text \<open>Cauchy's estimate; the bound is the maximum of \<open>\<parallel>res\<parallel>\<close> on the circle of radius \<open>r\<close>.\<close>

lemma norm_power_mult_radius_bounded:
  assumes "0 < r" "r < \<rho>"
  shows "\<exists>B. \<forall>n. norm (x ^ n) * r ^ n \<le> B"
proof -
  have "compact ((\<lambda>\<theta>. res (complex_of_real r * cis \<theta>)) ` {0..2*pi})"
    by (rule compact_continuous_image[OF continuous_on_res_circle[OF assms]]) simp
  then obtain b where b: "b > 0" "\<And>\<theta>. \<theta> \<in> {0..2*pi} \<Longrightarrow> norm (res (complex_of_real r * cis \<theta>)) \<le> b"
    using compact_imp_bounded bounded_pos by (metis imageI)
  have "norm (x ^ n) * r ^ n \<le> b" for n
  proof -
    have "norm (weighted_res n (complex_of_real r * cis \<theta>)) \<le> inverse r ^ n * b" if "\<theta> \<in> {0..2*pi}" for \<theta>
    proof -
      have "norm (weighted_res n (complex_of_real r * cis \<theta>)) = inverse r ^ n * norm (res (complex_of_real r * cis \<theta>))"
        unfolding weighted_res_def using assms by (simp add: norm_mult norm_power norm_inverse)
      also have "\<dots> \<le> inverse r ^ n * b"
        using assms b(2)[OF that] by (intro mult_left_mono) auto
      finally show ?thesis .
    qed
    moreover have "((\<lambda>\<theta>. weighted_res n (complex_of_real r * cis \<theta>)) has_integral circle_integral n r) {0..2*pi}"
      unfolding circle_integral_def using assms
      by (intro integrable_integral integrable_continuous_interval continuous_on_weighted_res_circle)
    ultimately have "norm (circle_integral n r) \<le> inverse r ^ n * b * Henstock_Kurzweil_Integration.content {0..2*pi}"
      using b assms by (intro has_integral_bound_real) auto
    then have "norm (x ^ n) \<le> inverse r ^ n * b"
      using circle_integral_eq_power[OF assms] by simp
    then have "norm (x ^ n) * r ^ n \<le> inverse r ^ n * b * r ^ n"
      using assms by (intro mult_right_mono) auto
    also have "\<dots> = b" using assms by (simp add: power_inverse field_simps)
    finally show ?thesis .
  qed
  then show ?thesis by blast
qed

end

..........

**REQUIRED WORK:**
Search the listing above for "auto" and copy every line that has it.

**REPLY TO THE EXERCISE:**
        using assms b(2)[OF that] by (intro mult_left_mono) auto
      using b assms by (intro has_integral_bound_real) auto
      using assms by (intro mult_right_mono) auto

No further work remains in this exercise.